Revenues are Seasonal Both CenterPoint Houston's electric utility sector and CERC's natural gas sectors are strongly affected by weather in the Texas-Louisiana-Mississippi region where CenterPoint primarily operates. Typically, during the summer more air conditioning is used if the weather is uncharacteristically warm, which results in increased electricity usage. During the winter, colder weather will result in increased natural gas usage since it is typically used to power heaters.
In 2006, milder winter weather led to a $30 million decrease in operating income for CERC's natural gas sector. In the same year, a mild summer led to a $49 million decrease in operating income for CenterPoint Houston because of the decrease in demand for air conditioning services.[23]

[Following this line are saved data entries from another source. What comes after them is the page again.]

(* Let $y_0\in E$ and let $u$ be a positive solution of $0=\tfrac12b^2u''+\tilde au'+\eta u-u^2-d\frac{(u')^2}{u}$ on $[y_0,\infty)$ with $u(y)/\eta(y)\to1$ as $y\to\infty$. Assume that on $[y_0,\infty)$ we have $\eta\in C^2$, $\eta>0$, $\Psi\eta\le1$ and $\bar a:=\frac{\tilde a}{\eta}+(b^2-2d)\frac{\eta'}{\eta^2}\le0$. Then either $u>\eta$ for all sufficiently large $y$, or $u\le\eta$ for all sufficiently large $y$. If in addition $\frac{\tilde a}{b^2}\le-C$ on $[y_0,\infty)$ for some constant $C>0$, $\eta(y)\to\infty$ and $\eta(y)e^{-2Cy}\to0$ as $y\to\infty$, then $u\le\eta$ for all sufficiently large $y$.
   Context: $E=(E_-,\infty)$ with $E_-\in\{-\infty\}\cup\mathbb R$. $r,\lambda,\sigma,a,b,\rho,\delta:E\to\mathbb R$ are locally Lipschitz with $\sigma>0$, $b(y)\neq0$, $\rho(y)\in[-1,1]$; $R\in(0,\infty)\setminus\{1\}$. Define $\eta=\frac1R\big(\delta-(1-R)(r+\frac{\lambda^2}{2R})\big)$, $\tilde a=a+\frac{1-R}{R}\rho\lambda b$, $d=\frac12b^2((1-\rho^2)R+\rho^2+1)$, and for positive $g\in C^2$, $\Psi g=1+\frac{\frac12b^2g''+\tilde ag'}{g^2}-d\frac{(g')^2}{g^3}$. *)

theory Defs
  imports "HOL-Analysis.Analysis"
begin

definition stateE :: "ereal \<Rightarrow> real set" where
  "stateE Em = {y. Em < ereal y}"

definition loc_lipschitz_on :: "real set \<Rightarrow> (real \<Rightarrow> real) \<Rightarrow> bool" where
  "loc_lipschitz_on S f \<longleftrightarrow>
     (\<forall>x\<in>S. \<exists>e>0. \<exists>L. \<forall>y\<in>ball x e \<inter> S. \<forall>z\<in>ball x e \<inter> S. \<bar>f y - f z\<bar> \<le> L * \<bar>y - z\<bar>)"

definition eta_fun ::
  "real \<Rightarrow> (real \<Rightarrow> real) \<Rightarrow> (real \<Rightarrow> real) \<Rightarrow> (real \<Rightarrow> real) \<Rightarrow> real \<Rightarrow> real" where
  "eta_fun R r lam del y = (1 / R) * (del y - (1 - R) * (r y + (lam y)\<^sup>2 / (2 * R)))"

definition atilde_fun ::
  "real \<Rightarrow> (real \<Rightarrow> real) \<Rightarrow> (real \<Rightarrow> real) \<Rightarrow> (real \<Rightarrow> real) \<Rightarrow> (real \<Rightarrow> real) \<Rightarrow> real \<Rightarrow> real" where
  "atilde_fun R a rho lam b y = a y + ((1 - R) / R) * rho y * lam y * b y"

definition d_fun :: "real \<Rightarrow> (real \<Rightarrow> real) \<Rightarrow> (real \<Rightarrow> real) \<Rightarrow> real \<Rightarrow> real" where
  "d_fun R b rho y = (1/2) * (b y)\<^sup>2 * ((1 - (rho y)\<^sup>2) * R + (rho y)\<^sup>2 + 1)"

text \<open>Psi g = 1 + (b^2 g''/2 + atilde g')/g^2 - d (g')^2/g^3, with g' = g1 and g'' = g2
  supplied explicitly as the first and second derivatives of g.\<close>
definition Psi_op ::
  "(real \<Rightarrow> real) \<Rightarrow> (real \<Rightarrow> real) \<Rightarrow> (real \<Rightarrow> real) \<Rightarrow> (real \<Rightarrow> real) \<Rightarrow> (real \<Rightarrow> real)
    \<Rightarrow> (real \<Rightarrow> real) \<Rightarrow> real \<Rightarrow> real" where
  "Psi_op b ta d g g1 g2 y =
     1 + ((1/2) * (b y)\<^sup>2 * g2 y + ta y * g1 y) / (g y)\<^sup>2 - d y * (g1 y)\<^sup>2 / (g y) ^ 3"

end

theory Submission
  imports Defs
begin

text \<open>Put w = u / \<eta>. The condition \<Psi>\<eta> \<le> 1 says that \<eta> is a supersolution of the ODE, so at a
  critical point of w where w > 1 the ODE forces u''\<eta> - u\<eta>'' > 0, i.e. w'' > 0. Hence w has no
  local maximum above 1, and u - \<eta> cannot change sign infinitely often.

  If u > \<eta> eventually and \<eta> \<rightarrow> \<infinity>, then u \<rightarrow> \<infinity>, so u' > 0 somewhere, and wherever u' \<ge> 0
  the ODE gives u'' > 2Cu'. Thus u' e^(-2Cy) is nondecreasing from that point on, u grows at least
  like e^(2Cy), and this contradicts u \<sim> \<eta> = o(e^(2Cy)).\<close>

lemma DERIV2_pos_inc_right:
  fixes f f' :: "real \<Rightarrow> real"
  assumes S: "open S" "s \<in> S"
    and f': "\<And>x. x \<in> S \<Longrightarrow> (f has_real_derivative f' x) (at x)"
    and crit: "f' s = 0"
    and f'': "(f' has_real_derivative D) (at s)" "D > 0"
  shows "\<exists>d>0. \<forall>h>0. h < d \<longrightarrow> f s < f (s + h)"
proof -
  obtain d where d: "d > 0" "\<And>h. h > 0 \<Longrightarrow> h < d \<Longrightarrow> f' s < f' (s + h)"
    using DERIV_pos_inc_right[OF f''] by blast
  obtain e where e: "e > 0" "ball s e \<subseteq> S"
    using S openE by blast
  have "f s < f (s + h)" if h: "0 < h" "h < min d e" for h
  proof (rule DERIV_pos_imp_increasing_open[of s "s + h" f])
    have sub: "{s..s + h} \<subseteq> S"
      using e h by (force simp: dist_real_def)
    show "\<exists>l. (f has_real_derivative l) (at x) \<and> l > 0" if "s < x" "x < s + h" for x
    proof (intro exI conjI)
      show "(f has_real_derivative f' x) (at x)" using sub that by (intro f') auto
      show "f' x > 0" using d(2)[of "x - s"] crit that h by simp
    qed
    show "continuous_on {s..s + h} f"
      using sub f' by (intro continuous_at_imp_continuous_on ballI DERIV_isCont) blast
  qed (use h in simp)
  then show ?thesis
    using d e by (intro exI[of _ "min d e"]) auto
qed

lemma eventually_gt_or_eventually_le_if_convex_at_critical:
  fixes f f' :: "real \<Rightarrow> real"
  assumes f': "\<And>x. x > a \<Longrightarrow> (f has_real_derivative f' x) (at x)"
    and f'': "\<And>x. x > a \<Longrightarrow> f x > c \<Longrightarrow> f' x = 0 \<Longrightarrow> \<exists>D>0. (f' has_real_derivative D) (at x)"
  shows "(\<forall>\<^sub>F x in at_top. f x > c) \<or> (\<forall>\<^sub>F x in at_top. f x \<le> c)"
proof (rule ccontr)
  assume "\<not> ?thesis"
  then have le: "\<And>M. \<exists>y\<ge>M. f y \<le> c" and gt: "\<And>M. \<exists>y\<ge>M. f y > c"
    unfolding eventually_at_top_linorder by (meson not_le)+
  obtain y1 where y1: "y1 > a" "f y1 \<le> c" using le[of "a + 1"] by force
  obtain y2 where y2: "y2 > y1" "f y2 > c" using gt[of "y1 + 1"] by force
  obtain y3 where y3: "y3 > y2" "f y3 \<le> c" using le[of "y2 + 1"] by force
  have "continuous_on {y1..y3} f"
    using y1 y2 y3 by (intro continuous_at_imp_continuous_on ballI DERIV_isCont[OF f']) auto
  then obtain s where s: "s \<in> {y1..y3}" "\<And>t. t \<in> {y1..y3} \<Longrightarrow> f t \<le> f s"
    using continuous_attains_sup[of "{y1..y3}" f] y2 y3 by fastforce
  have "f s > c" using s(2)[of y2] y2 y3 by auto
  then have "s \<noteq> y1" "s \<noteq> y3" using y1 y3 by auto
  then have s_inner: "y1 < s" "s < y3" using s(1) by auto
  have "f' s = 0"
  proof (rule DERIV_local_max[OF f'])
    show "\<forall>y. \<bar>s - y\<bar> < min (s - y1) (y3 - s) \<longrightarrow> f y \<le> f s"
      using s(2) by (auto simp: abs_if)
  qed (use s_inner y1 in auto)
  moreover have "a < s" using s_inner y1 by simp
  ultimately obtain D where "D > 0" "(f' has_real_derivative D) (at s)"
    using f''[of s] \<open>f s > c\<close> by blast
  then obtain d where d: "d > 0" "\<And>h. h > 0 \<Longrightarrow> h < d \<Longrightarrow> f s < f (s + h)"
    using DERIV2_pos_inc_right[of "{a<..}" s f f'] f' \<open>f' s = 0\<close> \<open>a < s\<close> by force
  define h where "h = min (d / 2) (y3 - s)"
  have h: "0 < h" "h < d" "s + h \<le> y3" using d(1) s_inner by (auto simp: h_def)
  then have "f s < f (s + h)" using d(2) by simp
  moreover have "f (s + h) \<le> f s" using s(2)[of "s + h"] s_inner h by simp
  ultimately show False by simp
qed

lemma exists_deriv_pos_if_filterlim_at_top:
  fixes v v' :: "real \<Rightarrow> real"
  assumes v': "\<And>x. x \<ge> M \<Longrightarrow> (v has_real_derivative v' x) (at x)"
    and lim: "filterlim v at_top at_top"
  shows "\<exists>Y\<ge>M. v' Y > 0"
proof (rule ccontr)
  assume "\<not> ?thesis"
  then have bounded: "v y \<le> v M" if "M \<le> y" for y
    using DERIV_nonpos_imp_nonincreasing[OF that] v' by (meson not_less order_trans)
  have "\<forall>\<^sub>F y in at_top. v M < v y \<and> M \<le> y"
    using lim by (intro eventually_conj) (auto simp: filterlim_at_top_dense)
  then obtain y where "v M < v y" "M \<le> y"
    using eventually_happens'[OF trivial_limit_at_top_linorder] by blast
  with bounded show False by fastforce
qed

lemma ge_start_if_deriv_nonneg_where_pos:
  fixes g g' :: "real \<Rightarrow> real"
  assumes g': "\<And>x. x \<ge> Y \<Longrightarrow> (g has_real_derivative g' x) (at x)"
    and start: "g Y > 0"
    and g'_nonneg: "\<And>x. x \<ge> Y \<Longrightarrow> g x > 0 \<Longrightarrow> g' x \<ge> 0"
    and y: "Y \<le> y"
  shows "g Y \<le> g y"
proof -
  have pos: "g t > 0" if t: "t \<ge> Y" for t
  proof (rule ccontr)
    assume "\<not> g t > 0"
    define Z where "Z = {Y..t} \<inter> g -` {..0}"
    have "continuous_on {Y..t} g"
      using g' by (intro continuous_at_imp_continuous_on ballI DERIV_isCont) auto
    then have "closed Z"
      unfolding Z_def by (rule continuous_closed_preimage) auto
    moreover have "bounded Z"
      unfolding Z_def by (rule bounded_subset[of "{Y..t}"]) auto
    moreover have "t \<in> Z" using t \<open>\<not> g t > 0\<close> by (simp add: Z_def)
    ultimately obtain z where z: "z \<in> Z" "\<And>x. x \<in> Z \<Longrightarrow> z \<le> x"
      using compact_attains_inf[of Z] by (auto simp: compact_eq_bounded_closed)
    have "z \<noteq> Y" using z(1) start by (auto simp: Z_def)
    with z(1) have "Y < z" by (simp add: Z_def)
    then obtain \<xi> where \<xi>: "Y < \<xi>" "\<xi> < z" "g z - g Y = (z - Y) * g' \<xi>"
      using MVT2[of Y z g g'] g' by (metis less_eq_real_def order_trans)
    have "\<xi> \<notin> Z" using z(2)[of \<xi>] \<xi>(2) by linarith
    then have "g \<xi> > 0" using \<xi> z(1) by (auto simp: Z_def)
    then have "g' \<xi> \<ge> 0" using g'_nonneg \<xi>(1) by simp
    then have "0 \<le> (z - Y) * g' \<xi>" using \<open>Y < z\<close> by simp
    then have "g Y \<le> g z" using \<xi>(3) by linarith
    then show False using z(1) start by (simp add: Z_def)
  qed
  show ?thesis
  proof (rule DERIV_nonneg_imp_nondecreasing[OF y])
    fix x assume "Y \<le> x" "x \<le> y"
    with g' g'_nonneg pos show "\<exists>l. (g has_real_derivative l) (at x) \<and> 0 \<le> l"
      by blast
  qed
qed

CenterPoint Houston Has Unrecovered True-Up Funds In May 1999 a bill was passed in Texas called the Texas Electric Choice Act, which dictated that generation and retail services by utilities be subject to the competitive market---the bill was eneacted in 2002. Before the bill, utilities, which are monopolies, could charge a higher price than would be ideal for the public because so few companies offered similar service. Because it would be unfair for the company to be subject to such a drastic drop in its prices so quickly, "true-up" proceedings began three years after the bill was passed in an effort to compensate the electric utilites for revenues they would have earned with their previously higher prices[24] In March 2004, CenterPoint Houston, CNP's electric utility filed with the TUC requesting the recovery of $3.7 billion. In December of that year, the TUC let the firm recover only $2.3 billion of their requested $3.7 billion. CenterPoint remained in the process of appealing as of December 2007 and looks to recover at least $146 million, but it stood that the company remains in debt and the Texas Utility Commission had yet to make a final decision on whether or not to allow more compensation.[25]

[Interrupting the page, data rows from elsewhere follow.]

lemma parseval_orthonormal:
  fixes \<phi> :: "'n::finite \<Rightarrow> complex^'n" and g :: "'n \<Rightarrow> complex"
  assumes orthonormal: "\<And>j k. cinner (\<phi> j) (\<phi> k) = (if j = k then 1 else 0)"
  shows "(\<Sum>j\<in>UNIV. (cmod (\<Sum>v\<in>UNIV. g v * cnj (\<phi> j $ v)))\<^sup>2) = (\<Sum>v\<in>UNIV. (cmod (g v))\<^sup>2)"
proof -
  have "complex_of_real (\<Sum>j\<in>UNIV. (cmod (\<Sum>v\<in>UNIV. g v * cnj (\<phi> j $ v)))\<^sup>2)
      = (\<Sum>j\<in>UNIV. (\<Sum>v\<in>UNIV. g v * cnj (\<phi> j $ v)) * cnj (\<Sum>u\<in>UNIV. g u * cnj (\<phi> j $ u)))"
    by (simp only: of_real_sum complex_norm_square)
  also have "\<dots> = (\<Sum>j\<in>UNIV. \<Sum>u\<in>UNIV. \<Sum>v\<in>UNIV. g v * cnj (g u) * (\<phi> j $ u * cnj (\<phi> j $ v)))"
    by (simp add: sum_distrib_left sum_distrib_right mult_ac)
  also have "\<dots> = (\<Sum>u\<in>UNIV. \<Sum>v\<in>UNIV. \<Sum>j\<in>UNIV. g v * cnj (g u) * (\<phi> j $ u * cnj (\<phi> j $ v)))"
    by (subst sum.swap) (rule sum.cong[OF refl], rule sum.swap)
  also have "\<dots> = (\<Sum>u\<in>UNIV. \<Sum>v\<in>UNIV. g v * cnj (g u) * (\<Sum>j\<in>UNIV. \<phi> j $ u * cnj (\<phi> j $ v)))"
    by (simp only: sum_distrib_left)
  also have "\<dots> = (\<Sum>v\<in>UNIV. g v * cnj (g v))"
    by (simp add: orthonormal_resolution_of_identity[OF orthonormal] if_distrib cong: if_cong)
  also have "\<dots> = complex_of_real (\<Sum>v\<in>UNIV. (cmod (g v))\<^sup>2)"
    by (simp only: of_real_sum complex_norm_square)
  finally show ?thesis using of_real_eq_iff by blast
qed

lemma is_frame_if_weighted_norm:
  fixes \<psi> :: "'k \<Rightarrow> complex^'n::finite"
  assumes weighted: "\<And>f. (\<Sum>k\<in>K. (cmod (cinner f (\<psi> k)))\<^sup>2) = (\<Sum>v\<in>UNIV. (cmod (f $ v))\<^sup>2 * w v)"
    and pos: "\<And>v. 0 < w v"
  shows "is_frame \<psi> K"
  unfolding is_frame_def
proof (intro exI conjI allI)
  have "Min (range w) \<in> range w" by (rule Min_in) auto
  then show "0 < Min (range w)" using pos by auto
  show "Min (range w) \<le> Max (range w)" 
    by (rule order_trans[of _ "w undefined"]) simp_all
  fix f :: "complex^'n"
  show "Min (range w) * (norm f)\<^sup>2 \<le> (\<Sum>k\<in>K. (cmod (cinner f (\<psi> k)))\<^sup>2)"
    unfolding weighted norm_power2_vec sum_distrib_left
    by (rule sum_mono) (simp add: mult.commute mult_right_mono)
  show "(\<Sum>k\<in>K. (cmod (cinner f (\<psi> k)))\<^sup>2) \<le> Max (range w) * (norm f)\<^sup>2"
    unfolding weighted norm_power2_vec sum_distrib_left
    by (rule sum_mono) (simp add: mult.commute mult_right_mono)
qed

lemma diag_column_family_weighted_norm:
  fixes \<phi> :: "'n::finite \<Rightarrow> complex^'n" and H :: "complex^'n^'n"
  assumes orthonormal: "\<And>j k. cinner (\<phi> j) (\<phi> k) = (if j = k then 1 else 0)"
  shows "(\<Sum>k\<in>UNIV. (cmod (cinner f ((\<lambda>(i, j). diag_mat (column H i) *v \<phi> j) k)))\<^sup>2)
       = (\<Sum>v\<in>UNIV. (cmod (f $ v))\<^sup>2 * (\<Sum>i\<in>UNIV. (cmod (H $ v $ i))\<^sup>2))"
proof -
  have inner: "cinner f (diag_mat (column H i) *v \<phi> j)
      = (\<Sum>v\<in>UNIV. (f $ v * cnj (H $ v $ i)) * cnj (\<phi> j $ v))" for i j
    by (simp add: cinner_def diag_mat_mult_vec_component column_def mult.assoc)
  have "(\<Sum>k\<in>UNIV. (cmod (cinner f ((\<lambda>(i, j). diag_mat (column H i) *v \<phi> j) k)))\<^sup>2)
      = (\<Sum>i\<in>UNIV. \<Sum>j\<in>UNIV. (cmod (\<Sum>v\<in>UNIV. (f $ v * cnj (H $ v $ i)) * cnj (\<phi> j $ v)))\<^sup>2)"
    unfolding sum_UNIV_prod by (simp add: inner)
  also have "\<dots> = (\<Sum>i\<in>UNIV. \<Sum>v\<in>UNIV. (cmod (f $ v * cnj (H $ v $ i)))\<^sup>2)"
    by (simp only: parseval_orthonormal[OF orthonormal])
  also have "\<dots> = (\<Sum>v\<in>UNIV. (cmod (f $ v))\<^sup>2 * (\<Sum>i\<in>UNIV. (cmod (H $ v $ i))\<^sup>2))"
    by (subst sum.swap) (simp add: norm_mult power_mult_distrib sum_distrib_left)
  finally show ?thesis .
qed

lemma is_frame_diag_column_family:
  fixes \<phi> :: "'n::finite \<Rightarrow> complex^'n" and H :: "complex^'n^'n"
  assumes orthonormal: "\<And>j k. cinner (\<phi> j) (\<phi> k) = (if j = k then 1 else 0)"
    and row_nonzero: "\<And>v. \<exists>i. H $ v $ i \<noteq> 0"
  shows "is_frame (\<lambda>(i, j). diag_mat (column H i) *v \<phi> j) UNIV"
proof (rule is_frame_if_weighted_norm[OF diag_column_family_weighted_norm[OF orthonormal]])
  fix v
  obtain i where "H $ v $ i \<noteq> 0" using row_nonzero by blast
  then have "0 < (cmod (H $ v $ i))\<^sup>2" by simp
  also have "\<dots> \<le> (\<Sum>i\<in>UNIV. (cmod (H $ v $ i))\<^sup>2)" by (rule member_le_sum) auto
  finally show "0 < (\<Sum>i\<in>UNIV. (cmod (H $ v $ i))\<^sup>2)" .
qed

lemma frame_operator_diag_column_family:
  fixes \<phi> :: "'n::finite \<Rightarrow> complex^'n" and H :: "complex^'n^'n"
  assumes orthonormal: "\<And>j k. cinner (\<phi> j) (\<phi> k) = (if j = k then 1 else 0)"
    and real: "\<And>a b. H $ a $ b \<in> \<real>"
  shows "frame_operator (\<lambda>(i, j). diag_mat (column H i) *v \<phi> j) UNIV
       = (\<Sum>i\<in>UNIV. diag_mat (column H i) ** diag_mat (column H i))"
proof -
  have "frame_operator (\<lambda>(i, j). diag_mat (column H i) *v \<phi> j) UNIV $ a $ b
      = (\<Sum>i\<in>UNIV. diag_mat (column H i) ** diag_mat (column H i)) $ a $ b" for a b
  proof -
    have "frame_operator (\<lambda>(i, j). diag_mat (column H i) *v \<phi> j) UNIV $ a $ b
        = (\<Sum>i\<in>UNIV. H $ a $ i * cnj (H $ b $ i) * (\<Sum>j\<in>UNIV. \<phi> j $ a * cnj (\<phi> j $ b)))"
      unfolding frame_operator_def sum_component sum_UNIV_prod
      by (simp add: outer_def diag_mat_mult_vec_component column_def sum_distrib_left mult_ac)
    also have "\<dots> = (if a = b then \<Sum>i\<in>UNIV. H $ a $ i * H $ a $ i else 0)"
      using real by (simp add: orthonormal_resolution_of_identity[OF orthonormal] Reals_cnj_iff)
    also have "\<dots> = (\<Sum>i\<in>UNIV. diag_mat (column H i) ** diag_mat (column H i)) $ a $ b"
      by (simp add: sum_component diag_mat_mult_diag_mat_component column_def)
    finally show ?thesis .
  qed
  then show ?thesis by (simp add: vec_eq_iff)
qed

theorem theorem3p1:
  fixes E :: "'n::finite \<Rightarrow> 'n \<Rightarrow> bool"
    and \<phi> :: "'n \<Rightarrow> complex^'n"
    and t :: real
  assumes sym: "\<And>u v. E u v \<Longrightarrow> E v u"
    and irrefl: "\<And>v. \<not> E v v"
    and connected: "\<And>u v. E\<^sup>*\<^sup>* u v"
    and orthonormal: "\<And>j k. cinner (\<phi> j) (\<phi> k) = (if j = k then 1 else 0)"
    and eigen: "\<And>j. \<exists>c. graph_laplacian E *v \<phi> j = c *s \<phi> j"
    and t_nonneg: "0 \<le> t"
  shows "is_frame (\<lambda>(i, j). diag_mat (column (heat_kernel E t) i) *v \<phi> j) UNIV
       \<and> frame_operator (\<lambda>(i, j). diag_mat (column (heat_kernel E t) i) *v \<phi> j) UNIV
         = (\<Sum>i\<in>UNIV. diag_mat (column (heat_kernel E t) i) ** diag_mat (column (heat_kernel E t) i))"
proof
  obtain lam where eigenvalue: "\<And>j. graph_laplacian E *v \<phi> j = lam j *s \<phi> j"
    using eigen by metis
  have "\<exists>i. heat_kernel E t $ v $ i \<noteq> 0" for v
    by (rule spectral_matrix_row_nonzero[OF orthonormal heat_kernel_spectral[OF orthonormal eigenvalue]])
      simp
  then show "is_frame (\<lambda>(i, j). diag_mat (column (heat_kernel E t) i) *v \<phi> j) UNIV"
    by (rule is_frame_diag_column_family[OF orthonormal])
  show "frame_operator (\<lambda>(i, j). diag_mat (column (heat_kernel E t) i) *v \<phi> j) UNIV
      = (\<Sum>i\<in>UNIV. diag_mat (column (heat_kernel E t) i) ** diag_mat (column (heat_kernel E t) i))"
    by (rule frame_operator_diag_column_family[OF orthonormal heat_kernel_real[OF orthonormal eigenvalue]])
qed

Consolidated Finances Mean Limited Ability to Refinance Because CenterPoint Energy is a consolidated holding company that operates in every major utility sector, its ability to refinance existing debt is limited. On a consolidated basis, CNP had $9.7 billion of outstanding indebtedness as of December 2007. The future financing for paying off this debt depends on factors affecting all five major business sectors, including CenterPoint Houston's True-Up proceedings results, general economic and capital market conditions, investor confidence in each market in which CNP operates, and provisions of relevant taxes and securities laws. One example of this uncertainty of refinance possibilities is the $229 million that CenterPoint Houston specifically owes to secure pollution control bonds, the repayment of which depends almost entirely on the results of True-Up proceedings.[26]
Natural Gas Prices Significantly Affect CERC CERC, CNP's subsidiary in charge of natural gas sales and distribution, is impacted by the price levels of natural gas. Prices have fluctuated and risen sharply since November 2007, when natural gas prices were below $8 mmbtu,[27] and as of June 24, 2008, the price had risen to $13.20 mmbtu.[28] When gas prices rise sharply, risk increases that the company will not be able to collect balances from customers, and when a sustained period of high prices is reached, downward pressure on demand for natural gas occurs, affecting CERC's total output.
Competition As a utility, CenterPoint Energy naturally has little competition. Utilities are usually monopolies with price regulated by state or federal commissions. They occur naturally because of huge initial capital expenditure costs, such as those required to set up power lines and stations. There are no other electric transmission and distribution utilities in CenterPoint Houston’s service area.[29] CERC's natural gas distribution sector competes primarily with alternate energy sources such as electricity and other fuel sources, and the natural gas sales sector competes with regional and national wholesale and retail gas marketers including the marketing divisions of natural gas producers and utilities.[30] Interstate pipelines are in competition with similar pipelines and the the field services division competes with other companies in the natural gas gathering, treating, and processing business.